If you would prefer to use Option 1 and tokenize the text using the `left_or_right` function it would be called as shown.

```python
# Tokenization as a function
ds = ds.map(function=left_or_right,
            fn_kwargs={'tokenizer': tokenizer,
                       'cfg': CFG},
            num_proc=num_proc,
            )
```

In [7]:
from dataclasses import dataclass, field
from typing import Type, TypeVar, List, Dict, Tuple, Union

import importlib
from src.preprocess import basic
importlib.reload(basic)
from src.preprocess.basic import CustomTokenizer
from src.preprocess.basic import left_or_right

T = TypeVar('T')


@dataclass
class Config:
    """Class for storing user configurable parameters"""
    max_length: Union[int, None]=4
    truncation: bool=False
    padding: bool=False
    return_length: bool=True
    truncation_side: str='right'
    num_proc: int=2
    cols_select: list=field(default_factory=lambda: ['input_ids',
                                                     'attention_mask',
                                                     'length'])
    batch_size: int=2

# User configurations
CFG = Config(max_length=None)

# Tokenization custom class
tok = CustomTokenizer(cfg=CFG, tokenizer=tokenizer)
ds = ds.map(function=tok.left_or_right,
            num_proc=CFG.num_proc,
            )

print(f'Dataset Number of Samples: {len(ds)}')
print(f'Column Names: {ds.column_names}')
print(f'Max Length in Dataset: {max(ds["length"])}')

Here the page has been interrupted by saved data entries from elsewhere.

lemma covered_shift_not_prime:
  fixes a c x e m N :: nat and q :: "nat \<Rightarrow> nat" and L :: "nat set" and \<beta> :: "nat \<Rightarrow> nat"
  assumes "prime a"
    and ord_q: "\<forall>n\<in>{1..N}. ord (q n) a = 2 ^ n"
    and ord_q0: "ord (q 0) a = 2 ^ N"
    and cong_q0: "[x + c = 0] (mod q 0)"
    and cong_q: "\<forall>n\<in>{1..N}. [a ^ (2 ^ (n - 1)) * x + c = 0] (mod q n)"
    and q_prime: "\<forall>i\<in>{0..N}. prime (q i)"
    and "finite L" and L_primes: "\<forall>l\<in>L. prime l \<and> [l = 1] (mod (\<Prod>i\<in>{0..N}. q i))"
    and x_gt: "x > (\<Prod>i\<in>{0..N}. q i)"
    and e_dvd: "e dvd a ^ m * (\<Prod>l\<in>L. l ^ \<beta> l)" and "e > 0"
  shows "\<not> prime (x * e + c)"
proof
  assume "prime (x * e + c)"
  obtain k d where e: "e = a ^ k * d" and "d dvd (\<Prod>l\<in>L. l ^ \<beta> l)"
    using dvd_prime_power_mult_decompose[OF \<open>prime a\<close> e_dvd] \<open>e > 0\<close> by blast
  then have "[d = 1] (mod (\<Prod>i\<in>{0..N}. q i))"
    using cong_1_if_dvd_prod_prime_powers \<open>finite L\<close> L_primes by blast
  moreover have "x * e + c = a ^ k * d * x + c" by (simp add: e ac_simps)
  ultimately have "x * e + c \<in> q ` {0..N}"
    by (rule prime_covered[OF ord_q ord_q0 cong_q0 cong_q q_prime _ \<open>prime (x * e + c)\<close>])
  then have "x * e + c dvd (\<Prod>i\<in>{0..N}. q i)" by (auto intro: dvd_prodI)
  moreover have "(\<Prod>i\<in>{0..N}. q i) > 0" using q_prime prime_gt_0_nat by simp
  ultimately have "x * e + c \<le> (\<Prod>i\<in>{0..N}. q i)" by (rule dvd_imp_le)
  moreover have "x \<le> x * e" using \<open>e > 0\<close> by simp
  ultimately show False using x_gt by linarith
qed

theorem theorem2p2:
  fixes r N :: nat and q :: "nat \<Rightarrow> nat" and L :: "nat set" and \<beta> :: "nat \<Rightarrow> nat"
    and p P M B :: nat and A :: "nat set"
  assumes r_pos: "r > 0"
    and r1_prime: "prime (r + 1)" and not_mersenne: "\<not> mersenne_prime (r + 1)"
    and N_pos: "N > 0"
    and q_prime: "\<forall>i\<in>{0..N}. prime (q i)" and q_distinct: "inj_on q {0..N}"
    and q_ord: "\<forall>n\<in>{1..N}. ord (q n) (r + 1) = 2 ^ n"
    and q0_ord: "ord (q 0) (r + 1) = 2 ^ N"
    and M_def: "M = (\<Prod>i\<in>{0..N}. q i)"
    and A_def: "A = {x. x > 0 \<and> [x + r = 0] (mod q 0) \<and>
                   (\<forall>n\<in>{1..N}. [(r + 1) ^ (2 ^ (n - 1)) * x + r = 0] (mod q n))}"
    and L_fin: "finite L"
    and L_primes: "\<forall>l\<in>L. prime l \<and> l > r \<and> [l = 1] (mod M)"
    and \<beta>_pos: "\<forall>l\<in>L. \<beta> l > 0"
    and B_def: "B = (\<Prod>l\<in>L. l ^ \<beta> l)"
    and p_prime: "prime p" and p_gt: "p > M" and p_A: "p \<in> A"
    and p_G: "\<forall>\<alpha>::nat. (r + 1) ^ \<alpha> * p \<in> G r"
    and P_prime: "prime P" and P_dvd: "int P dvd int p - int r"
    and P_ndvd: "\<not> P dvd (r + 1) * B"
  shows "\<forall>\<alpha>::nat. (r + 1) ^ \<alpha> * B * p \<in> G r"
proof
  fix \<alpha> :: nat
  define X where "X = (r + 1) ^ \<alpha> * B"
  have "X > 0" using L_primes L_fin r1_prime by (auto simp: X_def B_def prime_gt_0_nat)
  have "\<not> (r < p \<and> p - r dvd X)"
  proof
    assume "r < p \<and> p - r dvd X"
    moreover have "P dvd p - r" if "r < p"
      using P_dvd that by (metis int_dvd_int_iff less_imp_le of_nat_diff)
    ultimately have "P dvd (r + 1) ^ \<alpha> * B" unfolding X_def using dvd_trans by blast
    then show False
      using P_ndvd P_prime by (metis dvd_mult prime_dvd_mult_iff prime_dvd_power dvd_mult2)
  qed
  moreover have "\<not> prime (p * e + r)" if "e dvd X" "e > 0" for e
    using p_A L_primes p_gt that unfolding A_def M_def X_def B_def
    by (intro covered_shift_not_prime[OF r1_prime q_ord q0_ord _ _ q_prime L_fin]) auto
  ultimately have "schemmel r n \<noteq> X * p" for n
    using schemmel_eq_mult_prime_cases[OF _ p_prime \<open>X > 0\<close>] by blast
  moreover have "X * p > 0" using \<open>X > 0\<close> p_prime prime_gt_0_nat by simp
  ultimately have "X * p \<in> G r" unfolding G_def by blast
  then show "(r + 1) ^ \<alpha> * B * p \<in> G r" by (simp add: X_def)
qed

end
(* Let $(\Omega, \Sigma, \mu, S)$ be a dynamical system which is asymptotically stationary. Let $\Pi \subset \Sigma$ be a $\pi$-system such that $\sigma(\Pi) = \Sigma$ and $$\lim_{k \to \infty} \sup_{i \in \mathbb{N}} \left|\mu(S^{-i}A \cap S^{-k}S^{-i}B) - \mu(S^{-i}A)\,\mu(S^{-k}S^{-i}B)\right| = 0$$ for all $A, B \in \Pi$. Then this limit relation holds for all $A, B \in \Sigma$.
   Context: A dynamical system $(\Omega,\Sigma,\mu,S)$ consists of a probability space $(\Omega,\Sigma,\mu)$ and a measurable map $S:\Omega\to\Omega$; $S^k$ denotes the $k$-fold composition and $S^{-k}A=(S^k)^{-1}(A)$. It is asymptotically stationary (with stationary limit $\nu$) if $\nu(A)=\lim_{k\to\infty}\mu(S^{-k}A)$ exists for every $A\in\Sigma$. $\mathbb{N}=\{1,2,\dots\}$. $\sigma(\Pi)$ is the $\sigma$-algebra generated by $\Pi$. *)

theory Defs
  imports "HOL-Probability.Probability"
begin

definition preim :: "'a measure \<Rightarrow> ('a \<Rightarrow> 'a) \<Rightarrow> nat \<Rightarrow> 'a set \<Rightarrow> 'a set" where
  "preim M S k A = (S ^^ k) -` A \<inter> space M"

definition asymptotically_stationary :: "'a measure \<Rightarrow> ('a \<Rightarrow> 'a) \<Rightarrow> bool" where
  "asymptotically_stationary M S \<longleftrightarrow>
     (\<forall>A\<in>sets M. convergent (\<lambda>k. measure M (preim M S k A)))"

definition mix_rel :: "'a measure \<Rightarrow> ('a \<Rightarrow> 'a) \<Rightarrow> 'a set \<Rightarrow> 'a set \<Rightarrow> bool" where
  "mix_rel M S A B \<longleftrightarrow>
     (\<lambda>k. SUP i\<in>{1..}. \<bar>measure M (preim M S i A \<inter> preim M S k (preim M S i B))
                       - measure M (preim M S i A) * measure M (preim M S k (preim M S i B))\<bar>)
     \<longlonglongrightarrow> 0"

end

theory Submission
  imports Defs
begin
lemma pursuer_strategy_apollonius_pursuit:
  assumes "0 < \<mu>" "\<mu> \<le> 1" "xE0 \<noteq> xP0" "0 \<le> c" "c * dist xE0 xP0 \<le> 1 - \<nu> / \<mu>"
  shows "pursuer_strategy \<nu> t0 xE0 xP0 (apollonius_pursuit \<mu> c t0 xE0 xP0)"
  unfolding pursuer_strategy_def
  using apollonius_pursuit_admissible[OF assms] by (simp add: apollonius_pursuit_def)

lemma pursuer_can_win_if_apollonius_disjoint:
  assumes "xE0 \<noteq> xP0" "0 \<le> \<nu>" "\<nu> < \<mu>" "\<mu> \<le> 1"
    and "\<And>x. norm (x - xE0) \<le> \<mu> * norm (x - xP0) \<Longrightarrow> x \<notin> T"
  shows "pursuer_can_win T \<nu> t0 xE0 xP0"
proof -
  define c where "c = (1 - \<nu> / \<mu>) / dist xE0 xP0"
  have \<mu>: "0 < \<mu>" using assms(2,3) by simp
  have c: "0 < c" "c * dist xE0 xP0 \<le> 1 - \<nu> / \<mu>"
    using assms(1,3) \<mu> by (simp_all add: c_def)
  have "pursuer_wins_play T t0 e (apollonius_pursuit \<mu> c t0 xE0 xP0 e)"
    if "admissible \<nu> t0 xE0 e" for e
  proof -
    have "continuous_on {t0..} e" "e t0 = xE0"
      using that lipschitz_on_continuous_on by (auto simp: admissible_def)
    then obtain tc where "t0 \<le> tc" "apollonius_pursuit \<mu> c t0 xE0 xP0 e tc = e tc"
      "\<forall>s\<in>{t0..tc}. norm (e s - xE0) \<le> \<mu> * norm (e s - xP0)"
      using apollonius_pursuit_captures[OF \<mu> assms(4,1) c(1)] by metis
    then show ?thesis unfolding pursuer_wins_play_def using assms(5) by metis
  qed
  then show ?thesis
    unfolding pursuer_can_win_def
    using pursuer_strategy_apollonius_pursuit[OF \<mu> assms(4,1) less_imp_le[OF c(1)] c(2)] by blast
qed

lemma admissible_straight_run:
  fixes x0 w :: pt
  assumes "0 \<le> \<kappa>" "\<kappa> \<le> \<nu>" "x0 \<noteq> w"
  shows "admissible \<nu> t0 x0 (\<lambda>t. x0 + min 1 (\<kappa> * (t - t0) / norm (w - x0)) *\<^sub>R (w - x0))"
proof -
  define l where "l = norm (w - x0)"
  define e where "e t = x0 + min 1 (\<kappa> * (t - t0) / l) *\<^sub>R (w - x0)" for t
  have l: "0 < l" using assms(3) by (simp add: l_def)
  have "\<kappa>-lipschitz_on {t0..} e"
  proof (rule lipschitz_onI)
    fix t s :: real
    have "dist (e t) (e s) = \<bar>min 1 (\<kappa> * (t - t0) / l) - min 1 (\<kappa> * (s - t0) / l)\<bar> * l"
      by (simp add: e_def dist_norm l_def flip: scaleR_diff_left)
    also have "\<dots> \<le> \<bar>\<kappa> * (t - t0) / l - \<kappa> * (s - t0) / l\<bar> * l"
      using l by (intro mult_right_mono) linarith+
    also have "\<dots> = \<kappa> * dist t s"
      using l assms(1)
      by (simp add: dist_real_def abs_mult flip: diff_divide_distrib right_diff_distrib)
    finally show "dist (e t) (e s) \<le> \<kappa> * dist t s" .
  qed (fact assms(1))
  then show ?thesis
    using assms(2) unfolding admissible_def e_def[abs_def] l_def by (simp add: lipschitz_on_le)
qed
lemma Zadj_Int_subset_colon: "Zadj \<gamma> \<inter> Zadj (inverse \<gamma>) \<subseteq> colon K M M"
proof
  fix x assume x: "x \<in> Zadj \<gamma> \<inter> Zadj (inverse \<gamma>)"
  then obtain m where m: "x \<in> zspan (\<lambda>i. inverse \<gamma> ^ i) (Suc m)"
    using Zadj_iff_zspan zspan_mono[of _ "Suc _"] by (metis IntD2 le_add2 plus_1_eq_Suc subsetD)
  have "x * \<gamma> ^ i \<in> M" if "i < n" for i
  proof (rule mem_M_of_pow_mult)
    show "x * \<gamma> ^ i \<in> Zadj \<gamma>"
      using x by (auto intro: Zadj_mult pow_in_Zadj)
    have "\<gamma> ^ i * (\<gamma> ^ m * x) \<in> W (Suc m + i)"
      using pow_mult_zspan_inverse_powers[OF gamma_nonzero m] by (rule pow_mult_zspan_powers)
    also have "\<dots> \<subseteq> W (n + m)"
      using that by (intro zspan_mono) simp
    finally show "\<gamma> ^ m * (x * \<gamma> ^ i) \<in> W (n + m)"
      by (simp add: ac_simps)
  qed
  then have "M \<subseteq> {y. x * y \<in> M}"
    by (intro zspan_subsetI[OF zmodule_preimage_mult[OF zmodule_zspan]]) auto
  then show "x \<in> colon K M M"
    using x Zadj_subset_numfield by (auto simp: colon_def)
qed

lemma A_subset_colon: "A \<subseteq> colon K M M"
  using A_subset_Zadj_Int Zadj_Int_subset_colon by blast

lemma colon_subset_M: "colon K M M \<subseteq> M"
  using pow_mem_zspan_powers[of 0 n \<gamma>] two_le_n by (intro colon_subset_self) simp

lemma colon_mult_pow: "x \<in> colon K M M \<Longrightarrow> i < n \<Longrightarrow> x * \<gamma> ^ i \<in> M"
  by (auto simp: colon_def intro: pow_mem_zspan_powers)

lemma lead_coeff_dvd_of_mem_M:
  assumes "of_int c * \<gamma> ^ n \<in> M"
  shows "coeff f n dvd c"
proof -
  obtain e where e: "\<forall>i\<ge>n. coeff e i = 0" "ipoly e \<gamma> = of_int c * \<gamma> ^ n"
    using assms by (auto simp: mem_zspan_powers_iff)
  have "\<forall>i>n. coeff (monom c n - e) i = 0" "ipoly (monom c n - e) \<gamma> = 0"
    using e by (auto simp: coeff_monom)
  then obtain t where "monom c n - e = smult t f"
    by (rule root_eq_smult)
  then have "coeff (monom c n - e) n = t * coeff f n"
    by simp
  then have "c = t * coeff f n"
    using e(1) by simp
  then show ?thesis
    by simp
qed

lemma const_coeff_dvd_of_mem_M:
  assumes "of_int c * inverse \<gamma> \<in> M"
  shows "coeff f 0 dvd c"
proof -
  obtain e where e: "\<forall>i\<ge>n. coeff e i = 0" "ipoly e \<gamma> = of_int c * inverse \<gamma>"
    using assms by (auto simp: mem_zspan_powers_iff)
  have "\<forall>i>n. coeff ([:c:] - monom 1 1 * e) i = 0" "ipoly ([:c:] - monom 1 1 * e) \<gamma> = 0"
    using e gamma_nonzero by (auto simp: coeff_monom_mult coeff_pCons split: nat.split)
  then obtain t where "[:c:] - monom 1 1 * e = smult t f"
    by (rule root_eq_smult)
  then have "coeff ([:c:] - monom 1 1 * e) 0 = t * coeff f 0"
    by simp
  then have "c = t * coeff f 0"
    by (simp add: coeff_monom_mult)
  then show ?thesis
    by simp
qed


text \<open>Multiplying \<open>x\<close> by \<open>\<gamma>\<^sup>n\<^sup>-\<^sup>k\<^sup>-\<^sup>1\<close> stays in \<open>M\<close>, which forces the top coefficient of \<open>x\<close>
  to be a multiple of the leading coefficient of \<open>f\<close>, the top coefficient of \<open>P (k + 1)\<close>.\<close>

lemma colon_remove_top_coeff:
  assumes x: "x \<in> colon K M M" "x \<in> W (Suc (Suc k))" and k: "Suc k < n"
  obtains t where "x - of_int t * P (Suc k) \<in> W (Suc k)"
proof -
  obtain x0 c where x0: "x0 \<in> W (Suc k)" "x = x0 + of_int c * \<gamma> ^ Suc k"
    using x(2) by (rule zspan_SucE)
  define d where "d = n - Suc k"
  have d: "d < n" "Suc k + d = n"
    using k by (auto simp: d_def)
  have "x * \<gamma> ^ d \<in> M"
    using x(1) d(1) by (rule colon_mult_pow)
  moreover have "\<gamma> ^ d * x0 \<in> M"
    using pow_mult_zspan_powers[OF x0(1), of d] d(2) by simp
  moreover have "of_int c * \<gamma> ^ n = x * \<gamma> ^ d - \<gamma> ^ d * x0"
    by (simp add: x0(2) algebra_simps flip: d(2) power_add)
  ultimately have "of_int c * \<gamma> ^ n \<in> M"
    by (simp add: zmodule_diff[OF zmodule_zspan])
  then obtain t where t: "c = coeff f n * t"
    using lead_coeff_dvd_of_mem_M by (blast elim: dvdE)
  have "x - of_int t * P (Suc k) = x0 - of_int t * (P (Suc k) - of_int (coeff f n) * \<gamma> ^ Suc k)"
    by (simp add: x0(2) t algebra_simps)
  also have "\<dots> \<in> W (Suc k)"
    by (rule zmodule_diff[OF zmodule_zspan x0(1) zmodule_of_int_mult[OF zmodule_zspan P_minus_lead_in_W]])
  finally show ?thesis
    by (rule that)
qed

Setting TOKENIZERS_PARALLELISM=false for forked processes.


Map (num_proc=2):   0%|          | 0/5 [00:00<?, ? examples/s]

Dataset Number of Samples: 5
Column Names: ['id', 'text', 'num_tokens', 'input_ids', 'attention_mask', 'length']
Max Length in Dataset: [24]


<h1 id="collator">Collator and Dataloader</h1>

##### [Return To Top](#intro)

In [8]:
# Collator
from transformers import DataCollatorWithPadding
collator = DataCollatorWithPadding(tokenizer=tokenizer,
                                   return_tensors='pt')

In [9]:
from torch.utils.data import DataLoader

# Data Loader
dl = DataLoader(dataset=ds.select_columns(CFG.cols_select),
                batch_size=CFG.batch_size,
                shuffle=False,
                collate_fn=collator,
                num_workers=CFG.num_proc)
print(f'Number of Samples / Batch Size: {len(ds) / CFG.batch_size}')
print(f'Number of batches of data: {len(dl)}')

Number of Samples / Batch Size: 2.5
Number of batches of data: 3


In [10]:
# Sample a batch of data from the dataloader
batch = next(iter(dl))

# Check the batch size
print(f'Batch Num. of Samples: {len(batch["input_ids"])}')

# Check the vector length of the batch
for ii, (input_ids, lengths) in enumerate(zip(batch['input_ids'], batch['length'])):
    print(f'Sample {ii + 1} of {len(batch["input_ids"])} in Batch')
    print(f'\tLength of input_ids AFTER collator: {len(input_ids):,}')
    print(f'\tLength of input_ids BEFORE collator: {lengths[0]:,}')

Batch Num. of Samples: 2
Sample 1 of 2 in Batch
	Length of input_ids AFTER collator: 11
	Length of input_ids BEFORE collator: 11
Sample 2 of 2 in Batch
	Length of input_ids AFTER collator: 11
	Length of input_ids BEFORE collator: 6


The output above demonstrates how the collator is padding the second sample from a token length of 6 to the token length of 11 for the first sample.

At this point the data can be consumed as batches into a model for either inference or training.